When the line containing "obtain K where" appears in the data below, begin copying there and stop only after the line containing "unfolding a_def by".

________________

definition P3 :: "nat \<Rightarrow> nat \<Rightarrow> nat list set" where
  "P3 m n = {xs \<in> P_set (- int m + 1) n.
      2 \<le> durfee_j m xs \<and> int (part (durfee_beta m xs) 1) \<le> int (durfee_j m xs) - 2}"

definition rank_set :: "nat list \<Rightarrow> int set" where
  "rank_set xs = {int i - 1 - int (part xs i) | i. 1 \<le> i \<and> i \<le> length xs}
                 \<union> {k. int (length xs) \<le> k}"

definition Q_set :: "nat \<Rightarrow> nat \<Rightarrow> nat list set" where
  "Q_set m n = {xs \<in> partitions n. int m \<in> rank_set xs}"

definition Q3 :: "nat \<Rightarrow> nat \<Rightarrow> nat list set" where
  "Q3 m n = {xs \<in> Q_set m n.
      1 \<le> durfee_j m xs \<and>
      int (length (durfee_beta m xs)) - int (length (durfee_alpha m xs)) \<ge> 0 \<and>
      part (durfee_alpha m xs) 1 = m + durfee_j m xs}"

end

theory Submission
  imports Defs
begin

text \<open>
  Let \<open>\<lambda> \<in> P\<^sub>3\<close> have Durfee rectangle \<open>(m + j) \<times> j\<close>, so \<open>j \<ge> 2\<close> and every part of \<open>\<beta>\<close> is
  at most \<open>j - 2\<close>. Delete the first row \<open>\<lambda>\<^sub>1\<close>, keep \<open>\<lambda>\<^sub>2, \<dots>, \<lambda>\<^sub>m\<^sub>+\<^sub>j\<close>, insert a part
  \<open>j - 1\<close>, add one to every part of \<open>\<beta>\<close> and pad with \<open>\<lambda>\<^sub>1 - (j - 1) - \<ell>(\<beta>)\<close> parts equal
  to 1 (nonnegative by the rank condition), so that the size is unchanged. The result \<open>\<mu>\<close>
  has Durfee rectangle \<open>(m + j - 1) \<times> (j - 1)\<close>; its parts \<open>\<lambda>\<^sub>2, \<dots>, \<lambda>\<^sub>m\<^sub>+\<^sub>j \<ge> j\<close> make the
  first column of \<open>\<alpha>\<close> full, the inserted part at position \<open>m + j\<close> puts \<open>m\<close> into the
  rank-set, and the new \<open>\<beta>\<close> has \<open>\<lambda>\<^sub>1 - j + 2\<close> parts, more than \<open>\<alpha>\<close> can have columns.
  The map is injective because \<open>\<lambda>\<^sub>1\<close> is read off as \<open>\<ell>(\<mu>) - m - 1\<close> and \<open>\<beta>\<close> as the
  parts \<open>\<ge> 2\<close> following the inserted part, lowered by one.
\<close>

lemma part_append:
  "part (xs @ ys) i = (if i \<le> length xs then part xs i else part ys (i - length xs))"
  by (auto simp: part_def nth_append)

________________

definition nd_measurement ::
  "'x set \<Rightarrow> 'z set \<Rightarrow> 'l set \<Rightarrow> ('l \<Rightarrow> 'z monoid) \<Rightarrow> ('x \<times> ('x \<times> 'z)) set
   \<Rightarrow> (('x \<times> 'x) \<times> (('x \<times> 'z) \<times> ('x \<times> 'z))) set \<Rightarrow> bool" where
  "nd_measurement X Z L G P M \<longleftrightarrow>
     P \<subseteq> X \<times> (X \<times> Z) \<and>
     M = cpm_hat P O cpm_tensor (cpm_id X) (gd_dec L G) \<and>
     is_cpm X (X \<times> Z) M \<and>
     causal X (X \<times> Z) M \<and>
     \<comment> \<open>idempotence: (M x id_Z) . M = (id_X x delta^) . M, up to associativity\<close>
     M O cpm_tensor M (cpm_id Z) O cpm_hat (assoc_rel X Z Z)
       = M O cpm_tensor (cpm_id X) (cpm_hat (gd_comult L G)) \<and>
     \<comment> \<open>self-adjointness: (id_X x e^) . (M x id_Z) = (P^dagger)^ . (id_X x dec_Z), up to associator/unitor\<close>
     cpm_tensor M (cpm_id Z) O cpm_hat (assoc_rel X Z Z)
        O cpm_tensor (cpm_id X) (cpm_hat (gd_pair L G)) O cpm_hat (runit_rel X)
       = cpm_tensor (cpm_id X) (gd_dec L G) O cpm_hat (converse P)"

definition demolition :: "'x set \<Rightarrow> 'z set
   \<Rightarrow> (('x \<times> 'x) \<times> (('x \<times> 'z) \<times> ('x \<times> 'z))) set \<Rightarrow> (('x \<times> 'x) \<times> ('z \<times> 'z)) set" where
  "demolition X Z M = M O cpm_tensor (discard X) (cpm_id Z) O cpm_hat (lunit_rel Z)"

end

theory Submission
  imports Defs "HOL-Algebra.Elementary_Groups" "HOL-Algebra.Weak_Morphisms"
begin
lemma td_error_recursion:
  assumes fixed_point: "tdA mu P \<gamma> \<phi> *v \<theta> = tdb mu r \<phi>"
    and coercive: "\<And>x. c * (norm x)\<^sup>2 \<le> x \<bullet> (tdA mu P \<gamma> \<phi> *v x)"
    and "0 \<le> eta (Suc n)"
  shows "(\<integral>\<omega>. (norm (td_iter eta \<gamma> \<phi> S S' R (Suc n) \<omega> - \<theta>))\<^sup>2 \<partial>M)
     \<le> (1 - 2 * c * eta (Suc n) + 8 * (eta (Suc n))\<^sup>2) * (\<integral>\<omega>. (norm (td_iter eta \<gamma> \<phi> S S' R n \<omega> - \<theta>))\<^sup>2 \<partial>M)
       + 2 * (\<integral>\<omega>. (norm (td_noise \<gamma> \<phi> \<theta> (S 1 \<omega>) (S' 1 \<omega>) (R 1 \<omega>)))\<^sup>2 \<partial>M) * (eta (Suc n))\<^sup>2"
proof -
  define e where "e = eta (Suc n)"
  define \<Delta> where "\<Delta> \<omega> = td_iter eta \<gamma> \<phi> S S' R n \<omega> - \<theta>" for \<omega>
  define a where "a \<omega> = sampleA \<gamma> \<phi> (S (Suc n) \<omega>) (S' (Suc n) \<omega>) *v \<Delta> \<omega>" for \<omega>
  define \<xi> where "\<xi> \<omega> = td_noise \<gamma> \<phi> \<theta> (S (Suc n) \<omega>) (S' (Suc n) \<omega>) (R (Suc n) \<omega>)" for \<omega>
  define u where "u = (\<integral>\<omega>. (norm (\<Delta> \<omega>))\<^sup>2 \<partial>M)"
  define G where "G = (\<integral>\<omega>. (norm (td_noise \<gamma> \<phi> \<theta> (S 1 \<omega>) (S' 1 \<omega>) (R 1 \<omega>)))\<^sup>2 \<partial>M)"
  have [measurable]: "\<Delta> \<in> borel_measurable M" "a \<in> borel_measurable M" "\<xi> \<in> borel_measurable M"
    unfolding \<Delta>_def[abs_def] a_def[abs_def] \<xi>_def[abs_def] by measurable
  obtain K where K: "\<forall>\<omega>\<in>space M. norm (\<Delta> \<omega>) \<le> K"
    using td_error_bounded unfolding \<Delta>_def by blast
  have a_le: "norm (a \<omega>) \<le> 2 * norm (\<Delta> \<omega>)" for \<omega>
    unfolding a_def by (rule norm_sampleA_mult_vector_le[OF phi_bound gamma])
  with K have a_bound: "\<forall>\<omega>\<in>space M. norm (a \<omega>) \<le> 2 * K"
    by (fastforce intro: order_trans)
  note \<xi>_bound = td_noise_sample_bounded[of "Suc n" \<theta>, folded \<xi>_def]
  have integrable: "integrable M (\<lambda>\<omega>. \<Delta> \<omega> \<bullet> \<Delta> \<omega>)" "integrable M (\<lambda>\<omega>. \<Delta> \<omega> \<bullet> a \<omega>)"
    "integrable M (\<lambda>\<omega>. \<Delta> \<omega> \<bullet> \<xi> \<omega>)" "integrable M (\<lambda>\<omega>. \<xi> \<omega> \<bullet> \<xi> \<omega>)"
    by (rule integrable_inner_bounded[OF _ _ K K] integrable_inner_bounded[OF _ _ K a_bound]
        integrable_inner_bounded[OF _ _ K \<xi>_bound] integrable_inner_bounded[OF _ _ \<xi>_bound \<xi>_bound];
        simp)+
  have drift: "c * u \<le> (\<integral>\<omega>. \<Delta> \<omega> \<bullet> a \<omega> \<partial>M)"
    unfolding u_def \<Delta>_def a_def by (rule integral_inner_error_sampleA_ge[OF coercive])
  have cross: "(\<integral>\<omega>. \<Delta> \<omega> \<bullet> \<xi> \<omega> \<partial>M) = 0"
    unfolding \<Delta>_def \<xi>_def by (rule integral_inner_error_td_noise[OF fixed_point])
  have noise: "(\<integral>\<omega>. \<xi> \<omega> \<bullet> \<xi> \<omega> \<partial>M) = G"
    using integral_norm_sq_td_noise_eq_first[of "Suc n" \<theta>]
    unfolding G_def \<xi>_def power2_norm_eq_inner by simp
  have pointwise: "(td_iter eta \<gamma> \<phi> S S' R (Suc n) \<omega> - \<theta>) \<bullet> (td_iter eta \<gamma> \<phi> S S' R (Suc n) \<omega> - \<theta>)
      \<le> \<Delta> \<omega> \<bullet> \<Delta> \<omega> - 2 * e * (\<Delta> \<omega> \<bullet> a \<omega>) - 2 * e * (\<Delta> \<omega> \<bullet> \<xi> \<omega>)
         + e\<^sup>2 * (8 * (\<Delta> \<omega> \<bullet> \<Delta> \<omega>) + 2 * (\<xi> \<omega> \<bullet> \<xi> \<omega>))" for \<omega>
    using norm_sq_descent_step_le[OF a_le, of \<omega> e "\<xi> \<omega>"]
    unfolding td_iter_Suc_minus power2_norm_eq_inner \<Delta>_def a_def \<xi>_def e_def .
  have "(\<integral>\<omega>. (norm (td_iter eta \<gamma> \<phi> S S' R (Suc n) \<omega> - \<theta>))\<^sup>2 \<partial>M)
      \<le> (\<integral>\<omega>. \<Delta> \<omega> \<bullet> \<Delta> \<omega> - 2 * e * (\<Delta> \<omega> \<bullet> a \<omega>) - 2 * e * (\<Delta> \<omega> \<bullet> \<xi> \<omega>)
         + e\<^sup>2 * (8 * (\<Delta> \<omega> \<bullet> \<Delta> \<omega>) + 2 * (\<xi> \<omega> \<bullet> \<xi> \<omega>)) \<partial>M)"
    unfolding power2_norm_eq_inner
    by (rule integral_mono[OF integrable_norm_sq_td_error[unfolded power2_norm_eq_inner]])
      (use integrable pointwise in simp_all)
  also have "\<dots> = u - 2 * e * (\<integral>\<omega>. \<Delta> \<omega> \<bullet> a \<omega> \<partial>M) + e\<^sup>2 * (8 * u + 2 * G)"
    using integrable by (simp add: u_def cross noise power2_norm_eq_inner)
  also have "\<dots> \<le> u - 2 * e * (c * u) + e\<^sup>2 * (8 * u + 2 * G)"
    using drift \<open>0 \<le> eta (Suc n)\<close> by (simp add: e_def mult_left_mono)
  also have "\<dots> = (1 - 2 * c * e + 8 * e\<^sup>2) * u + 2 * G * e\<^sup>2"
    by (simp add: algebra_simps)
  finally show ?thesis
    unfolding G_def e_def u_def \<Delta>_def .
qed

________________

EXERCISE RESULT:
  obtain K where K: "\<forall>\<omega>\<in>space M. norm (\<Delta> \<omega>) \<le> K"
    using td_error_bounded unfolding \<Delta>_def by blast
  have a_le: "norm (a \<omega>) \<le> 2 * norm (\<Delta> \<omega>)" for \<omega>
    unfolding a_def by (rule norm_sampleA_mult_vector_le[OF phi_bound gamma])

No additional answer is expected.